Small ones can be about 1 inch big, so let’s be safe and use a 5cm-wide cylin­der. To form ice III we need about 350MPa, which gives us 350e6 * 3.14 * 0.025^2 /​ 9.8 = 70 tons or roughly 690kN of force. Ap­ply­ing it di­rectly or with a lever is un­rea­son­able, since 70 tons of bend­ing force is a lot even for steel, given the 5cm tar­get. Block and tackle sys­tem is prob­a­bly a good solu­tion—ac­tu­ally, two of them, on each side of a beam used for com­pres­sion, so we have 345 kN per sys­tem. And it looks like you can buy 40~50 ton man­ual hoists from al­ibaba, though I have no idea about their qual­ity.

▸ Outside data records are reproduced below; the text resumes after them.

lemma exists_annihilating_vector:
  assumes dsep: "d_separates Vij Eij A i j"
  shows "\<exists>y. (\<forall>v. v \<notin> insert i A \<longrightarrow> y v = 0) \<and> (\<exists>v. y v \<noteq> 0) \<and>
    (\<forall>a\<in>A. (\<Sum>v\<in>UNIV. y v * S $ v $ a) = 0) \<and>
    (\<Sum>v\<in>UNIV. y v * S $ v $ j) = \<Lambda> $ i $ j * (\<Sum>v\<in>UNIV. y v * S $ v $ i)"
proof -
  have "card (component - {i}) < card component"
    using component_base by (intro card_Diff1_less) simp_all
  then obtain \<alpha> where supp: "\<And>c. c \<notin> component \<Longrightarrow> \<alpha> c = 0"
    and nonzero: "\<exists>c\<in>component. \<alpha> c \<noteq> 0"
    and eqs: "\<And>v. v \<in> component - {i} \<Longrightarrow> (\<Sum>c\<in>component. \<alpha> c * K v c) = 0"
    using underdetermined_homogeneous_system[of "component - {i}" component K] by blast
  have ann_supp: "ann \<alpha> v = 0" if "v \<notin> insert i A" for v
  proof (cases "v \<in> W")
    case True
    with that have "(\<Sum>c\<in>component. \<alpha> c * K v c) = 0"
      using eqs K_outside_component[of v] by (cases "v \<in> component") (auto intro: sum.neutral)
    then show ?thesis using ann_on_W[OF supp] by simp
  qed (rule ann_outside_W)
  have ann_S_component: "ann_S \<alpha> c = \<alpha> c" if "c \<in> component" for c
    using that component_subset ann_S_on_W[of c \<alpha>] by auto
  have "\<exists>v. ann \<alpha> v \<noteq> 0"
  proof (rule ccontr)
    assume "\<nexists>v. ann \<alpha> v \<noteq> 0"
    then have "ann_S \<alpha> c = 0" for c using sum_ann_mult_S[of \<alpha> c] by simp
    with nonzero ann_S_component show False by auto
  qed
  moreover have "(\<Sum>v\<in>UNIV. ann \<alpha> v * S $ v $ a) = 0" if "a \<in> A" for a
  proof -
    have "a \<in> W" "a \<notin> component" using that A_subset_W component_subset by auto
    then show ?thesis using sum_ann_mult_S ann_S_on_W supp by simp
  qed
  moreover have "(\<Sum>v\<in>UNIV. ann \<alpha> v * S $ v $ j) = \<Lambda> $ i $ j * (\<Sum>v\<in>UNIV. ann \<alpha> v * S $ v $ i)"
    using ann_S_at_j[OF dsep supp] ann_S_on_W[OF i_in_W] sum_ann_mult_S by simp
  ultimately show ?thesis using ann_supp by (intro exI[of _ "ann \<alpha>"]) auto
qed

lemma lambda_cond_eq_edge_weight:
  assumes dsep: "d_separates Vij Eij A i j"
  shows "lambda_cond S i j (A \<union> {i}) = \<Lambda> $ i $ j"
proof -
  define K where "K = sorted_list_of_set A"
  have dist: "distinct (i # K)" and set_K: "set K = A"
    using i_notin by (simp_all add: K_def)
  have "set (sorted_list_of_set (A \<union> {i})) = set (i # K)"
    using set_K by (simp only: set_sorted_list_of_set[OF finite]) auto
  then have "det_sub S (sorted_list_of_set (A \<union> {i})) (sorted_list_of_set (A \<union> {i})) =
      det_sub S (i # K) (i # K)"
    by (rule det_sub_reorder[OF distinct_sorted_list_of_set dist])
  moreover have "(A \<union> {i}) - {i} = A" using i_notin by auto
  ultimately have "lambda_cond S i j (A \<union> {i}) =
      det_sub S (i # K) (j # K) / det_sub S (i # K) (i # K)"
    by (simp add: lambda_cond_def K_def)
  moreover obtain y v0 where "\<forall>v. v \<notin> insert i A \<longrightarrow> y v = 0" "y v0 \<noteq> 0"
    "\<forall>a\<in>A. (\<Sum>v\<in>UNIV. y v * S $ v $ a) = 0"
    "(\<Sum>v\<in>UNIV. y v * S $ v $ j) = \<Lambda> $ i $ j * (\<Sum>v\<in>UNIV. y v * S $ v $ i)"
    using exists_annihilating_vector[OF dsep] by blast
  then have "det_sub S (i # K) (j # K) = \<Lambda> $ i $ j * det_sub S (i # K) (i # K)"
    using set_K by (intro det_sub_dependent_first_column[OF dist]) auto
  ultimately show ?thesis using det_sub_S_neq_0[OF dist] by simp
qed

I’m not sure to which ex­tent Pas­cal’s law ap­plies to solids, but if it does, the whole setup can be vastly op­ti­mized by cre­at­ing a bot­tle neck for the pis­tol. One prob­lem is that we can no longer as­sume that wa­ter in com­pletely in­com­press­ible—it had to be com­pressed to about 87% its origi­nal vol­ume—but aside from that, 350MPa per a mil­lime­ter thick rod is just 28kg. To com­press a 0.05m by 0.1m cylin­der to 87% its origi­nal vol­ume we need to pump ex­tra 1e-4 m^3 of wa­ter there, which amounts to 148 me­ters of move­ment, which isn’t ter­ribly good. 1cm thick rod, on the other hand, would re­quire al­most 3 tons of force, but will move only 1.5 me­ters. Or the prob­lem of ap­ply­ing the con­stant pres­sure can be solved by en­clos­ing the wa­ter in a plas­tic bag, and filling the rest of cham­ber with a liquid with a lower freez­ing point, but the same den­sity. Thus, it is guaran­teed that all the time it takes the wa­ter to freeze, it is un­der uniform ex­ter­nal pres­sure, and then it just had nowhere to go.

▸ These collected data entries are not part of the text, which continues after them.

lemma rescaled_projected_field_near_id:
  fixes V :: "'a::euclidean_space \<Rightarrow> 'a"
  assumes unit: "\<And>x. norm (V x) = 1" and dV: "(V has_derivative D) (at p0)"
    and rank: "dim (range D) = DIM('a) - 1"
  obtains R K \<delta> where "linear R" "K > 0" "\<And>z. norm z \<le> 1 \<Longrightarrow> norm (R z) \<le> K" "\<delta> > 0"
    and "\<And>s z. \<lbrakk>0 < s; s * K < \<delta>; V p0 \<bullet> z = 0; norm z \<le> 1\<rbrakk> \<Longrightarrow>
           norm ((1 / s) *\<^sub>R perp_proj (V p0) (V (p0 + s *\<^sub>R R z)) - z) \<le> 1 / 4"
proof -
  define u where "u = V p0"
  define P where "P = perp_proj u"
  have linD: "linear D"
    using dV has_derivative_linear by blast
  have rangeD: "range D = {v. u \<bullet> v = 0}"
    unfolding u_def by (rule range_derivative_unit_field[OF unit dV rank])
  obtain R where linR: "linear R" and RD: "\<And>z. u \<bullet> z = 0 \<Longrightarrow> D (R z) = z"
    using linear_exists_right_inverse_on[OF linD subspace_UNIV] rangeD by auto
  obtain K where "K > 0" and bound: "\<And>z. norm (R z) \<le> K * norm z"
    using linear_bounded_pos[OF linR] by auto
  have R_le: "norm (R z) \<le> K" if "norm z \<le> 1" for z
    using bound[of z] mult_left_le[OF that, of K] \<open>K > 0\<close> by linarith
  have "1 / (4 * K) > 0"
    using \<open>K > 0\<close> by simp
  then obtain \<delta> where "\<delta> > 0" and approx:
      "\<And>x. norm (x - p0) < \<delta> \<Longrightarrow> norm (V x - u - D (x - p0)) \<le> 1 / (4 * K) * norm (x - p0)"
    using dV unfolding has_derivative_at_alt u_def by blast
  show thesis
  proof (rule that[OF linR \<open>K > 0\<close> R_le \<open>\<delta> > 0\<close>])
    fix s z assume s: "0 < s" "s * K < \<delta>" and z: "V p0 \<bullet> z = 0" "norm z \<le> 1"
    define h where "h = s *\<^sub>R R z"
    define err where "err = V (p0 + h) - u - D h"
    have h: "norm h \<le> s * K"
      using R_le[OF z(2)] s(1) by (simp add: h_def mult_left_mono)
    have "V (p0 + h) = u + D h + err"
      by (simp add: err_def)
    then have "P (V (p0 + h)) = P u + P (D h) + P err"
      by (simp only: linear_add[OF linear_perp_proj] P_def)
    moreover have "P (D h) = D h"
      using unit_field_derivative_orthogonal[OF unit dV] by (simp add: P_def u_def perp_proj_orthogonal)
    moreover have "D h = s *\<^sub>R z"
      using RD z linear_scale[OF linD] by (simp add: h_def u_def)
    ultimately have "(1 / s) *\<^sub>R P (V (p0 + h)) - z = (1 / s) *\<^sub>R P err"
      using unit s(1) by (simp add: P_def u_def perp_proj_self scaleR_add_right)
    moreover have "norm err \<le> s / 4"
    proof -
      have "norm err \<le> 1 / (4 * K) * norm h"
        using approx[of "p0 + h"] h s(2) by (simp add: err_def)
      also have "\<dots> \<le> 1 / (4 * K) * (s * K)"
        using h \<open>K > 0\<close> by (simp add: divide_le_eq mult.commute)
      finally show ?thesis
        using \<open>K > 0\<close> by simp
    qed
    moreover have "norm (P err) \<le> norm err"
      using unit by (simp add: P_def u_def norm_perp_proj_le)
    ultimately show "norm ((1 / s) *\<^sub>R perp_proj (V p0) (V (p0 + s *\<^sub>R R z)) - z) \<le> 1 / 4"
      using s(1) by (simp add: P_def u_def h_def divide_le_eq)
  qed
qed

lemma lines_near_point_cover_normal_plane:
  fixes V :: "'a::euclidean_space \<Rightarrow> 'a"
  assumes unit: "\<And>x. norm (V x) = 1" and contV: "continuous_on UNIV V"
    and dV: "(V has_derivative D) (at p0)" and rank: "dim (range D) = DIM('a) - 1"
    and y: "V p0 \<bullet> y = 0" and "\<epsilon> > 0"
  shows "\<exists>x t. norm (x - p0) < \<epsilon> \<and> perp_proj (V p0) (x + t *\<^sub>R V x - p0) = y"
proof -
  obtain R K \<delta> where linR: "linear R" and K: "K > 0" "\<And>z. norm z \<le> 1 \<Longrightarrow> norm (R z) \<le> K"
    and "\<delta> > 0" and near_id: "\<And>s z. \<lbrakk>0 < s; s * K < \<delta>; V p0 \<bullet> z = 0; norm z \<le> 1\<rbrakk> \<Longrightarrow>
           norm ((1 / s) *\<^sub>R perp_proj (V p0) (V (p0 + s *\<^sub>R R z)) - z) \<le> 1 / 4"
    by (rule rescaled_projected_field_near_id[OF unit dV rank]) auto
  define L where "L = {v. V p0 \<bullet> v = 0}"
  define P where "P = perp_proj (V p0)"
  have linP: "linear P"
    by (simp add: P_def linear_perp_proj)
  define s where "s = min \<delta> \<epsilon> / (2 * K)"
  have s: "s > 0" "s * K < \<delta>" "s * K < \<epsilon>"
    using K(1) \<open>\<delta> > 0\<close> \<open>\<epsilon> > 0\<close> by (auto simp: s_def)
  define \<tau> where "\<tau> = 4 * (norm y + s * K) + 1"
  have "norm y + s * K \<ge> 0"
    using s K by simp
  then have \<tau>: "\<tau> > 0" "norm y / \<tau> + s * K / \<tau> \<le> 1 / 4"
    by (auto simp: \<tau>_def field_simps simp flip: add_divide_distrib)
  define X where "X z = p0 + s *\<^sub>R R z" for z
  define g where "g z = (1 / \<tau>) *\<^sub>R P (X z - p0) + (1 / s) *\<^sub>R P (V (X z))" for z
  have near: "norm (X z - p0) \<le> s * K" if "z \<in> cball 0 1" for z
    using K(2)[of z] that s(1) by (simp add: X_def mult_left_mono)
  have "\<exists>z \<in> L \<inter> cball 0 1. g z = (1 / \<tau>) *\<^sub>R y"
  proof (rule brouwer_surjective_subspace_ball)
    show "subspace L"
      by (simp add: L_def subspace_hyperplane)
    have contR: "continuous_on UNIV R"
      using linR by (simp add: linear_continuous_on linear_linear)
    have "continuous_on UNIV (\<lambda>z. V (X z))"
      unfolding X_def by (rule continuous_on_compose2[OF contV]) (auto intro!: continuous_intros contR)
    then have "continuous_on UNIV g"
      unfolding g_def P_def perp_proj_def X_def by (intro continuous_intros contR)
    then show "continuous_on (L \<inter> cball 0 1) g"
      by (rule continuous_on_subset) simp
    show "g ` (L \<inter> cball 0 1) \<subseteq> L" "(1 / \<tau>) *\<^sub>R y \<in> L"
      using unit y by (auto simp: g_def L_def P_def inner_perp_proj inner_add_right)
  next
    fix z assume z: "z \<in> L \<inter> cball 0 1"
    have "g z - z = (1 / \<tau>) *\<^sub>R P (X z - p0) + ((1 / s) *\<^sub>R P (V (X z)) - z)"
      by (simp add: g_def)
    then have "norm (g z - z) \<le> norm ((1 / \<tau>) *\<^sub>R P (X z - p0)) + norm ((1 / s) *\<^sub>R P (V (X z)) - z)"
      by (simp only: norm_triangle_ineq)
    moreover have "norm ((1 / \<tau>) *\<^sub>R P (X z - p0)) \<le> norm (X z - p0) / \<tau>"
      using \<tau>(1) norm_perp_proj_le[of "V p0" "X z - p0"] unit by (simp add: P_def divide_right_mono)
    moreover have "norm ((1 / s) *\<^sub>R P (V (X z)) - z) \<le> 1 / 4"
      using near_id[OF s(1,2), of z] z by (simp add: L_def P_def X_def)
    ultimately have "norm (g z - z) \<le> norm (X z - p0) / \<tau> + 1 / 4"
      by linarith
    also have "\<dots> \<le> 1 - norm ((1 / \<tau>) *\<^sub>R y)"
    proof -
      have "norm (X z - p0) / \<tau> \<le> s * K / \<tau>"
        using near z \<tau>(1) by (simp add: divide_right_mono)
      moreover have "norm ((1 / \<tau>) *\<^sub>R y) = norm y / \<tau>"
        using \<tau>(1) by simp
      ultimately show ?thesis
        using \<tau>(2) by linarith
    qed
    finally show "norm (g z - z) \<le> 1 - norm ((1 / \<tau>) *\<^sub>R y)" .
  qed
  then obtain z where z: "z \<in> cball 0 1" and "g z = (1 / \<tau>) *\<^sub>R y"
    by auto
  moreover have "P (X z + (\<tau> / s) *\<^sub>R V (X z) - p0) = \<tau> *\<^sub>R g z"
    using \<tau>(1) by (simp add: g_def linear_add[OF linP] linear_diff[OF linP] linear_scale[OF linP]
        algebra_simps)
  ultimately have "P (X z + (\<tau> / s) *\<^sub>R V (X z) - p0) = y"
    using \<tau>(1) by simp
  moreover have "norm (X z - p0) < \<epsilon>"
    using near[OF z] s by simp
  ultimately show ?thesis
    unfolding P_def by blast
qed

lemma line_fibration_continuous:
  assumes "line_fibration V"
  shows "continuous_on UNIV V"
proof -
  have "continuous_on UNIV (\<lambda>x. V x $ k)" for k
    using assms unfolding line_fibration_def smooth_map_def smooth_scalar_def
    by (metis foldr_Nil id_apply)
  then show ?thesis
    using continuous_on_vec_lambda[of UNIV "\<lambda>k x. V x $ k"] by simp
qed

lemma mem_fline_iff:
  assumes "norm (V p) = 1"
  shows "q \<in> fline V p \<longleftrightarrow> perp_proj (V p) (q - p) = 0"
proof
  assume "q \<in> fline V p"
  then obtain t where "q = p + t *\<^sub>R V p"
    unfolding fline_def by blast
  then show "perp_proj (V p) (q - p) = 0"
    using assms by (simp add: linear_scale[OF linear_perp_proj] perp_proj_self)
next
  assume "perp_proj (V p) (q - p) = 0"
  then have "q = p + (V p \<bullet> (q - p)) *\<^sub>R V p"
    by (metis perp_proj_eq_0_iff add.commute diff_add_cancel)
  then show "q \<in> fline V p"
    unfolding fline_def by blast
qed

lemma perp_proj_parallel_dirs: "parallel_dirs v u \<Longrightarrow> perp_proj v = perp_proj u"
  by (auto simp: parallel_dirs_def)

Alter­na­tively, one can just buy a 90′000 psi pump and 100′000 psi tubes and ves­sels, but let’s face it: it they don’t even list the price on their web­site, you prob­a­bly don’t even wanna know it. And since no in­sti­tu­tions that can af­ford this thing seem to be in­ter­ested in cry­on­ics re­search, we’ll have to stick to makeshift solu­tions (un­til at least the shrimp thing works, which would prob­a­bly give in a pub­li­ca­tion in Na­ture, and enough aca­demic recog­ni­tion for proper re­search to start).